**Extracted entries**
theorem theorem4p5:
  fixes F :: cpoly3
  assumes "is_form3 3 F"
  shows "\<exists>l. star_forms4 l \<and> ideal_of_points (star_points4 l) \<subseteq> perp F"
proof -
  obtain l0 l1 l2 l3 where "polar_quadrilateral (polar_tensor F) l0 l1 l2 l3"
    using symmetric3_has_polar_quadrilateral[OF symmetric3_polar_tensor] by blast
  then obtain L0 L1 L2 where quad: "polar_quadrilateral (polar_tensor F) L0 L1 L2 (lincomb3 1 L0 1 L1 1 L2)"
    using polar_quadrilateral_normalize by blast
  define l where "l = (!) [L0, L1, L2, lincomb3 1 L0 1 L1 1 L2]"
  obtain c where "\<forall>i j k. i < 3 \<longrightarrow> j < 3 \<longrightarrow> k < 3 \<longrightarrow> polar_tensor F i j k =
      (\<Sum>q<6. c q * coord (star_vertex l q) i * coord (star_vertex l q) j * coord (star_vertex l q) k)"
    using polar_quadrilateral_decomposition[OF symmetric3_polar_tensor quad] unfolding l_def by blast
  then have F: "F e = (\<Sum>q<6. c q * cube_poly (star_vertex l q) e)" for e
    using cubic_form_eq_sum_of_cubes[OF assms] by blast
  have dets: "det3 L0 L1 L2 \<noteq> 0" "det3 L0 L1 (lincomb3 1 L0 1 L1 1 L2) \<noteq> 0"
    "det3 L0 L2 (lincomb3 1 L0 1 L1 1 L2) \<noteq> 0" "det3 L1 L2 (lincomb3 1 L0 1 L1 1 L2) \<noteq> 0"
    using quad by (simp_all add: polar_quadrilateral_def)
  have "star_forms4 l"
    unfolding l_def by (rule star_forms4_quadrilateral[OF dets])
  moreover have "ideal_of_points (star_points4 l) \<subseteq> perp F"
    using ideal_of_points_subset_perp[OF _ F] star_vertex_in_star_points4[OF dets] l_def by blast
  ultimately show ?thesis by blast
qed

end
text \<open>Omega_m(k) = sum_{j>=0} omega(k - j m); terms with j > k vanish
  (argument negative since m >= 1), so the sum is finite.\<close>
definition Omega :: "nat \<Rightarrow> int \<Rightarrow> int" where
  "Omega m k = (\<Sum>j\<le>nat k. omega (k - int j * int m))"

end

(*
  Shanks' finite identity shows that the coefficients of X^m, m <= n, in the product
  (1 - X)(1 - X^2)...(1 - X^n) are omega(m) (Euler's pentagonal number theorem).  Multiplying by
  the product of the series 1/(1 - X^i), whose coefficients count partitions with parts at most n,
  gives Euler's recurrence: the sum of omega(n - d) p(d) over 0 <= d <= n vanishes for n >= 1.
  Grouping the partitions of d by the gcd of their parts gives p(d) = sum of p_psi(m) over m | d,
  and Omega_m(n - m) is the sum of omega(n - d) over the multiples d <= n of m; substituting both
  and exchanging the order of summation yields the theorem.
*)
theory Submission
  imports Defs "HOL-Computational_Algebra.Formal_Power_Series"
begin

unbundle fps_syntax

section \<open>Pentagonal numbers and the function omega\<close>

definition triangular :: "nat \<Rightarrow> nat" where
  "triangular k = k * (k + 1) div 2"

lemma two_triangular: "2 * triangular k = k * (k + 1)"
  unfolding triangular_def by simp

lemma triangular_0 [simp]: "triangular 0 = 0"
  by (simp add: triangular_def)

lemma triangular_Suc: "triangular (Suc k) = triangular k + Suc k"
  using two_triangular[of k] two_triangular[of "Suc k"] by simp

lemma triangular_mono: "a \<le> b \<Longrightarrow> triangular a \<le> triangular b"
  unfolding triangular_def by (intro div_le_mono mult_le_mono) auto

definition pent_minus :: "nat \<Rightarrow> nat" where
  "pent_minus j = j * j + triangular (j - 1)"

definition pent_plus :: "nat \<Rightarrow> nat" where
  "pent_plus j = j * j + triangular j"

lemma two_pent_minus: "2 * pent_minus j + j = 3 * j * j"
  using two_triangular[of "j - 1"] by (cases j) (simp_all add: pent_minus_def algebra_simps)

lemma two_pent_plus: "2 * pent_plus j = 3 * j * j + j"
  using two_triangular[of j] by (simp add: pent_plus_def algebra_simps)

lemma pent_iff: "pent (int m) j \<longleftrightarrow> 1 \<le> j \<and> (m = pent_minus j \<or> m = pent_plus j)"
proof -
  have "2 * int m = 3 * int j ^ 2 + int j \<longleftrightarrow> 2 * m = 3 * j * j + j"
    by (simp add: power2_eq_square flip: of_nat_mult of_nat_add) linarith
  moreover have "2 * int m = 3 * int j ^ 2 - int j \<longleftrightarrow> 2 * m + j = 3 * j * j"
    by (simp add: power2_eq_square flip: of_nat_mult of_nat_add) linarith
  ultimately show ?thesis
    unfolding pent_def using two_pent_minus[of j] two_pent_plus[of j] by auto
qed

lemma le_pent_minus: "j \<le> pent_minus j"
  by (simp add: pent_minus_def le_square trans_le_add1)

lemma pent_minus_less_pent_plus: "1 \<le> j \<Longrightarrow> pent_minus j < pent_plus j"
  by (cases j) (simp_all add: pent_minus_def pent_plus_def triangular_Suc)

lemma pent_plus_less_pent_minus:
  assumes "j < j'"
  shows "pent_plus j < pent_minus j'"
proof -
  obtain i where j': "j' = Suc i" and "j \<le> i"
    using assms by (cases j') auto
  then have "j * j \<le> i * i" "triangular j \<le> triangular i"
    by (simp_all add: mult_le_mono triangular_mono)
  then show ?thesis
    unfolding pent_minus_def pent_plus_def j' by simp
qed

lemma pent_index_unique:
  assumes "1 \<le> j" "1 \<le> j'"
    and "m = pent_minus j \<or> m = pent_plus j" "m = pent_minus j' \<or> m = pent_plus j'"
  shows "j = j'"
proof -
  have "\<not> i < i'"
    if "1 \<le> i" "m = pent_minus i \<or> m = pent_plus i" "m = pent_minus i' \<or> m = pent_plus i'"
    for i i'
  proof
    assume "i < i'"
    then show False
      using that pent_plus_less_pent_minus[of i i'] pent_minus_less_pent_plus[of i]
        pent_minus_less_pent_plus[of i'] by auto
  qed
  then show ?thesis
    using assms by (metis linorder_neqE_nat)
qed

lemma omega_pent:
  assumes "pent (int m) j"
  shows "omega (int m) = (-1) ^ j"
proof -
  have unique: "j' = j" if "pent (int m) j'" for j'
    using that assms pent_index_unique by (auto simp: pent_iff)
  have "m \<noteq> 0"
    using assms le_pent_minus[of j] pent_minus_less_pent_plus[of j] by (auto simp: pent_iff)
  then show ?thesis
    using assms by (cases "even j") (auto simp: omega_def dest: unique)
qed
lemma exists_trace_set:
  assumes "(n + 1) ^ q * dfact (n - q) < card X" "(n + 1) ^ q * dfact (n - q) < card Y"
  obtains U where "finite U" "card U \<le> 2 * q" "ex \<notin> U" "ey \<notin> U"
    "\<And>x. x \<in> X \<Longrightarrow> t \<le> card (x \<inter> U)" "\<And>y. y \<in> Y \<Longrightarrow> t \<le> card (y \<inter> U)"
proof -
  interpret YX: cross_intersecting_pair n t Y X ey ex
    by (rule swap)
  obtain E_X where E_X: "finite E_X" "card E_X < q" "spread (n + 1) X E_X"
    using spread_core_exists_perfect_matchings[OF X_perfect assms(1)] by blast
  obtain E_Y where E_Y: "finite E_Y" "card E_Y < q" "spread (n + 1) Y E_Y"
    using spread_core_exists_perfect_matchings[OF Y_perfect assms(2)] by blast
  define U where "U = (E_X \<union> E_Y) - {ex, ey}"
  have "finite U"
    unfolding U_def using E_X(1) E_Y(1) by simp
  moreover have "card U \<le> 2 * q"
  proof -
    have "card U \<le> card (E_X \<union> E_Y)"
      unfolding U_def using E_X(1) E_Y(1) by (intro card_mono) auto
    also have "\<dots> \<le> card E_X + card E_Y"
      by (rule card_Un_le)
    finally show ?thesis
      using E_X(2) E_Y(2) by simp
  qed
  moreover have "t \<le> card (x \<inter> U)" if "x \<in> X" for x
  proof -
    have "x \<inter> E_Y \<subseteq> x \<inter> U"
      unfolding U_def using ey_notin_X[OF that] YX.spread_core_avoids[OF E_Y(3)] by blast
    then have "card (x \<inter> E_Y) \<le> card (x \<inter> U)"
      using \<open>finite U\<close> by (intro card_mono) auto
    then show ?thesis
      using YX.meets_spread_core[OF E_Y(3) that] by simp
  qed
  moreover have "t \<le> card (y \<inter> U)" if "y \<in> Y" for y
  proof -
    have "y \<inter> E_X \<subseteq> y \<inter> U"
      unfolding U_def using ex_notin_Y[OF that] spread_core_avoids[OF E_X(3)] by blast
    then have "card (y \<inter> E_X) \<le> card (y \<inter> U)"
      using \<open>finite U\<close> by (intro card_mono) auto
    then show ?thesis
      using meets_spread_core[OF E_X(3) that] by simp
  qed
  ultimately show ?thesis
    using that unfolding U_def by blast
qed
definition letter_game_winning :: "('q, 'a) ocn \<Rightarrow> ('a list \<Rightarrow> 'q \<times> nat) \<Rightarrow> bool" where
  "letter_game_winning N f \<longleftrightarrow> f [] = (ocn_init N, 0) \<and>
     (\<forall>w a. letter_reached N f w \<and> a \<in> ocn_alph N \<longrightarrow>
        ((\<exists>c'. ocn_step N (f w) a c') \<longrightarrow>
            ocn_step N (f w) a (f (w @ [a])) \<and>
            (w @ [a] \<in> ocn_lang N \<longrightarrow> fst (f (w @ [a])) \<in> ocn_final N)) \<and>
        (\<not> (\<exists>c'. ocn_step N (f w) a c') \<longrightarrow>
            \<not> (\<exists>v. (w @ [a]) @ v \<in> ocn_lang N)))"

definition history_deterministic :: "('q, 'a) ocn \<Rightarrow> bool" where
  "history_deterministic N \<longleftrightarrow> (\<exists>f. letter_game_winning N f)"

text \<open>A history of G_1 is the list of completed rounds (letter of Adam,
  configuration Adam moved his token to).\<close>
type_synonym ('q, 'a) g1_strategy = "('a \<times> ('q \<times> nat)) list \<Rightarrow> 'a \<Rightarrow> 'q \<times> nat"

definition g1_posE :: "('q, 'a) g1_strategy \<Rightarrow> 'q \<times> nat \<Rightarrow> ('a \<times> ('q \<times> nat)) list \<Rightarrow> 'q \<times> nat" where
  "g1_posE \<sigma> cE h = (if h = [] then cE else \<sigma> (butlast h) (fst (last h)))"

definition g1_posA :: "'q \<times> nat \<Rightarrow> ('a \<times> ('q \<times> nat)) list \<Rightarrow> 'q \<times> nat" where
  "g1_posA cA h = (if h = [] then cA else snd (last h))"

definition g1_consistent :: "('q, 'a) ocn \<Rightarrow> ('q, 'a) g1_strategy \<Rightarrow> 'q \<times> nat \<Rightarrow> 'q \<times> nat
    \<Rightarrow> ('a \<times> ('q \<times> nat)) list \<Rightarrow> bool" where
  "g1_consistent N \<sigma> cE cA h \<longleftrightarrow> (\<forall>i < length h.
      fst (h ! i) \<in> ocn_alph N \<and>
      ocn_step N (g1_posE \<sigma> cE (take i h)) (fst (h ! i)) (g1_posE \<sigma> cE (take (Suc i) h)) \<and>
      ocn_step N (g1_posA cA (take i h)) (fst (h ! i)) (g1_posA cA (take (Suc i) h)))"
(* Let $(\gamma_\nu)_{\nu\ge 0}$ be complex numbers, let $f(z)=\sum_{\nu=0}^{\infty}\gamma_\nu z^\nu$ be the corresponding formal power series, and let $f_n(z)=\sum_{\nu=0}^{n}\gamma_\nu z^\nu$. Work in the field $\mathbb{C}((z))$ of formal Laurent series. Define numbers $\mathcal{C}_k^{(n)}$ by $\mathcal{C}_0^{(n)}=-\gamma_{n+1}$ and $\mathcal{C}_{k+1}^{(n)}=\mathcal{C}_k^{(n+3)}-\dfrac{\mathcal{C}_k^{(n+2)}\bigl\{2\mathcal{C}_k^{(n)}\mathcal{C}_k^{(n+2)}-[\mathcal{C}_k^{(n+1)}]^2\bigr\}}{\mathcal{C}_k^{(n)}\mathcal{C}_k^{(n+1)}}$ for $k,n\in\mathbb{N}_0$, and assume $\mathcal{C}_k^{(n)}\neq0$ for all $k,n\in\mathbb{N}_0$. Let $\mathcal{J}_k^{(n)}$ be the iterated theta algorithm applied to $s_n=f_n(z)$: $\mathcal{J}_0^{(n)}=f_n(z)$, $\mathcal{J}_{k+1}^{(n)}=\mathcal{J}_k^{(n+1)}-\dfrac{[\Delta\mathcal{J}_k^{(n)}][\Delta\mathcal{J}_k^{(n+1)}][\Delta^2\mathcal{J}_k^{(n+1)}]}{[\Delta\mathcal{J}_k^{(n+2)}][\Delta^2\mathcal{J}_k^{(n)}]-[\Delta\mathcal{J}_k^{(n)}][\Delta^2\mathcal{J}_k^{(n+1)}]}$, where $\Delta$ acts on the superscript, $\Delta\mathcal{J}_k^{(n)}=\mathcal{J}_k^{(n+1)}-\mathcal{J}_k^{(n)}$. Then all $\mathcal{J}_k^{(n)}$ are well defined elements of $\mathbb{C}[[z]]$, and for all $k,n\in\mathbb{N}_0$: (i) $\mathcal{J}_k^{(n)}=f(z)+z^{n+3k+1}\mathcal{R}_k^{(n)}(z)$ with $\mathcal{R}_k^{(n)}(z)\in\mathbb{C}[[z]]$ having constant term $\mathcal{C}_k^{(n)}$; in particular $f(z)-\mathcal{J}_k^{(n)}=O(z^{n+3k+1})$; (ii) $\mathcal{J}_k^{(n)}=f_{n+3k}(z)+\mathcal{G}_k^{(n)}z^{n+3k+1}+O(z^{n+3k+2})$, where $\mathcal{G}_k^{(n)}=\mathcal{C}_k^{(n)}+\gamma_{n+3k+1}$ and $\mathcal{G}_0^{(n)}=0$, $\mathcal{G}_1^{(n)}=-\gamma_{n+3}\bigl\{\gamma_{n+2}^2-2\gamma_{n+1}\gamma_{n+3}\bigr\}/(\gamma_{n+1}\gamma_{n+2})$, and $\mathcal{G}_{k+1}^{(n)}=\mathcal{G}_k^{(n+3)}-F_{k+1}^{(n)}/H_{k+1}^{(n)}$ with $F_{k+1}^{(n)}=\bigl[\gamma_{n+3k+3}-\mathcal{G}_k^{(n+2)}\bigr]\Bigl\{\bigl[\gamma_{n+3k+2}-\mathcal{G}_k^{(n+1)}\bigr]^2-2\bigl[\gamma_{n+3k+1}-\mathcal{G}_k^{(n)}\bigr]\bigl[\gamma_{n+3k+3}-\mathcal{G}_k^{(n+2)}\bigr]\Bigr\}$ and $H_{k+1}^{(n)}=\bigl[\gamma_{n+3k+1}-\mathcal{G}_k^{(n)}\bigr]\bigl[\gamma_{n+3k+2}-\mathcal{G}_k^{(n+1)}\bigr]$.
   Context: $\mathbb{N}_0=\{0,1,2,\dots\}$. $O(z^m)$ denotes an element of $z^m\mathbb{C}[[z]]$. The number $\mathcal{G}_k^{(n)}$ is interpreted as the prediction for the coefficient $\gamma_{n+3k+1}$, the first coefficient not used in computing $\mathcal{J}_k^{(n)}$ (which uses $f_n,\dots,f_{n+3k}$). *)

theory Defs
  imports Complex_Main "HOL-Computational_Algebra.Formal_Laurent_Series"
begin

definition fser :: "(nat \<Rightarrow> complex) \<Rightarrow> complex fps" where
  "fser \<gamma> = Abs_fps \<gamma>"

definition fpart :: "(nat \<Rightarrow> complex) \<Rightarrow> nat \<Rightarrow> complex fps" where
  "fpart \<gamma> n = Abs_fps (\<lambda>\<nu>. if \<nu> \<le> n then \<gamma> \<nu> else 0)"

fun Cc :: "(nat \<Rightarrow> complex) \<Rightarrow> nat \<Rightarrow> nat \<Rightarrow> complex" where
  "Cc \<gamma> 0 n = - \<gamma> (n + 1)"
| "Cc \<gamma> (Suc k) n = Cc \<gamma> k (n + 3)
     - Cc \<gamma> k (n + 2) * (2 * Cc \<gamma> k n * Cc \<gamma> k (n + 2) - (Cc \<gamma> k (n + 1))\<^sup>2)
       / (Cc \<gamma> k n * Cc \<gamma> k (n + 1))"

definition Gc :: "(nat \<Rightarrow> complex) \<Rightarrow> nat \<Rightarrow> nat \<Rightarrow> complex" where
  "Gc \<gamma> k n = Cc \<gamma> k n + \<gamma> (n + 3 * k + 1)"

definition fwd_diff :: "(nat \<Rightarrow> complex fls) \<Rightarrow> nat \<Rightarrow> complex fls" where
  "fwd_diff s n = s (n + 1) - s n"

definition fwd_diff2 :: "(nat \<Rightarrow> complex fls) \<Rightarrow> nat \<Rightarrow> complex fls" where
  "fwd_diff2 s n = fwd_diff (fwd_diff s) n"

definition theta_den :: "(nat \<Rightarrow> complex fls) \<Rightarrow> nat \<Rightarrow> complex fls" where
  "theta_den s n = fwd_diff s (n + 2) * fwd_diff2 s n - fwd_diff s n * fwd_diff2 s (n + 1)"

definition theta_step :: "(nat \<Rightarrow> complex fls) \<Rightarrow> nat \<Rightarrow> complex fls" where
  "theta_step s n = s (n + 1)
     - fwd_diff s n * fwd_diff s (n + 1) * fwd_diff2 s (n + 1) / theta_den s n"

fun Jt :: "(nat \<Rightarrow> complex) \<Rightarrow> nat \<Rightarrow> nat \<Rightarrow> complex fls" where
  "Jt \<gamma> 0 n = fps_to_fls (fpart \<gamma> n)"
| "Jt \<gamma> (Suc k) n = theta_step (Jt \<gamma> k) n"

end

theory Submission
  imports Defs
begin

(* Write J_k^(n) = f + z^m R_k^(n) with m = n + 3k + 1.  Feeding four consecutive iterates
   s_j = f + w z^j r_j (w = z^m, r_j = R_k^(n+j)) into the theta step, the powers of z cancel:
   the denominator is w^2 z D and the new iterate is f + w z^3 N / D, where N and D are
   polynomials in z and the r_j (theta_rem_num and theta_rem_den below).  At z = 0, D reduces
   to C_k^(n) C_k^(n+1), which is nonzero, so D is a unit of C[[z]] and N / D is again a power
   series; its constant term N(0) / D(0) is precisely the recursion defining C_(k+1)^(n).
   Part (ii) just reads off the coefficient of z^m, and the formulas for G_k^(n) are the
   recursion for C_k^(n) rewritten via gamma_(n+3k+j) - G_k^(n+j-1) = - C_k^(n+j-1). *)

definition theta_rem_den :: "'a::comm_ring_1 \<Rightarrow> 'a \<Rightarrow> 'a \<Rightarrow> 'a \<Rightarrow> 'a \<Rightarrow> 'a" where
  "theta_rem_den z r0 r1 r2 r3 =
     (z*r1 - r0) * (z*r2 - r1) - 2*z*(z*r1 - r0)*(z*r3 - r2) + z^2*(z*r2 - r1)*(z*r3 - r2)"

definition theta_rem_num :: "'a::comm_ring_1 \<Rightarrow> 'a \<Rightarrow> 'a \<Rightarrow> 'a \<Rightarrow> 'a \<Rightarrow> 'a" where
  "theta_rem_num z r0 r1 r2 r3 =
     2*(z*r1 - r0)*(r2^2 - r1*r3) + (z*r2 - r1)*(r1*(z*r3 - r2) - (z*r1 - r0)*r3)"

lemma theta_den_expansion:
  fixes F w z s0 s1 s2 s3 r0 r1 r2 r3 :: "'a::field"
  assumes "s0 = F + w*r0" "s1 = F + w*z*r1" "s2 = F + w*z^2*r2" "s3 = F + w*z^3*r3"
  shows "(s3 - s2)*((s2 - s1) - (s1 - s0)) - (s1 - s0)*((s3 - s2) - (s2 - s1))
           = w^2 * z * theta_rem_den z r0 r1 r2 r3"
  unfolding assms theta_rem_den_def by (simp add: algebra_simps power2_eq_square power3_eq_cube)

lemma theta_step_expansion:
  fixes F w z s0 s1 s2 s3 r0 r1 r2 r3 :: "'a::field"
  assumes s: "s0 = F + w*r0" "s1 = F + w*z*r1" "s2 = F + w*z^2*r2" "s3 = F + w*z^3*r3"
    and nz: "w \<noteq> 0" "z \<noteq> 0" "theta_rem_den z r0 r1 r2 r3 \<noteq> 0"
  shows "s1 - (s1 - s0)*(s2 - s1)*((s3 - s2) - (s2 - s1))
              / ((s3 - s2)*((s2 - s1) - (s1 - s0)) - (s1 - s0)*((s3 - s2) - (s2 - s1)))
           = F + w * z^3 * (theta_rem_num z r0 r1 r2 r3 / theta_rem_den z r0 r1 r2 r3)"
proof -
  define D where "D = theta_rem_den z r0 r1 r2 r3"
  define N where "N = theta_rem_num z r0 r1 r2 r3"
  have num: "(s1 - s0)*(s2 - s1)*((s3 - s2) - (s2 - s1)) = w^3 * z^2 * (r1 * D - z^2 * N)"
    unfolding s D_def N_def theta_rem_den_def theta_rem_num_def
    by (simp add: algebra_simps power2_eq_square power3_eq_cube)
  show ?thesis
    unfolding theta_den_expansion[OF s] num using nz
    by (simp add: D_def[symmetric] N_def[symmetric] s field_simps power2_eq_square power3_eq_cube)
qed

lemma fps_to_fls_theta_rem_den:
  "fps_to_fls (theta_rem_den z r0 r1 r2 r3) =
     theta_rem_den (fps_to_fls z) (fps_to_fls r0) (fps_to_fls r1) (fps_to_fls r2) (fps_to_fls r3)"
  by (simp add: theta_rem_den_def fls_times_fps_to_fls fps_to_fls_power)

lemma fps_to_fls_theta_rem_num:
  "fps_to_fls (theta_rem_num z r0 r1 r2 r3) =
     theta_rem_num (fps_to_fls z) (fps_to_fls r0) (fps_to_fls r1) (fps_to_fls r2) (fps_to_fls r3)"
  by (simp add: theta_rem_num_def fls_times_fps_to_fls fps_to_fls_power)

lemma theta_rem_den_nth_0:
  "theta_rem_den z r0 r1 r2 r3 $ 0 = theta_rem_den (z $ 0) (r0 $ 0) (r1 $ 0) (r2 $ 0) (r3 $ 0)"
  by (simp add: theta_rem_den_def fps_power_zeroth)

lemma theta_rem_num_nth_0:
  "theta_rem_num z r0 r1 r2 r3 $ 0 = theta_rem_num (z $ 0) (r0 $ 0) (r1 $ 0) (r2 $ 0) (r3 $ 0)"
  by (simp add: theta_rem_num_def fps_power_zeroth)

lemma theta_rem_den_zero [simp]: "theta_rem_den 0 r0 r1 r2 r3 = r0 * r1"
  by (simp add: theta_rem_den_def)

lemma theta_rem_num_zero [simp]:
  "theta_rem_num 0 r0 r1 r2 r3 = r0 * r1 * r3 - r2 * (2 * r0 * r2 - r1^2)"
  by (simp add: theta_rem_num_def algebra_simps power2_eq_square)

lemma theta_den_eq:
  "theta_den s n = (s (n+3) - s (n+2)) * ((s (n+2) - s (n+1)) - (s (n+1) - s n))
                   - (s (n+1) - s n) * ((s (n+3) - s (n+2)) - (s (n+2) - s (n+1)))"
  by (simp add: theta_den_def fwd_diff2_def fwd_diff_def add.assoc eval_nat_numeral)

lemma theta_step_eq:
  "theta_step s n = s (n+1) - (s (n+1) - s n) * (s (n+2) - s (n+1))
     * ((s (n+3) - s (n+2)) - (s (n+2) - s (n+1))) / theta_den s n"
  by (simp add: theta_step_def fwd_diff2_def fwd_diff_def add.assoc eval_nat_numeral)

**What needs to be done**
When the line with "and exchanging the" is reached in the data above, begin copying, and stop after the line with "by (simp add: triangular_def)"; copy each line exactly, both ends included.

**Response**
  and exchanging the order of summation yields the theorem.
*)
theory Submission
  imports Defs "HOL-Computational_Algebra.Formal_Power_Series"
begin

unbundle fps_syntax

section \<open>Pentagonal numbers and the function omega\<close>

definition triangular :: "nat \<Rightarrow> nat" where
  "triangular k = k * (k + 1) div 2"

lemma two_triangular: "2 * triangular k = k * (k + 1)"
  unfolding triangular_def by simp

lemma triangular_0 [simp]: "triangular 0 = 0"
  by (simp add: triangular_def)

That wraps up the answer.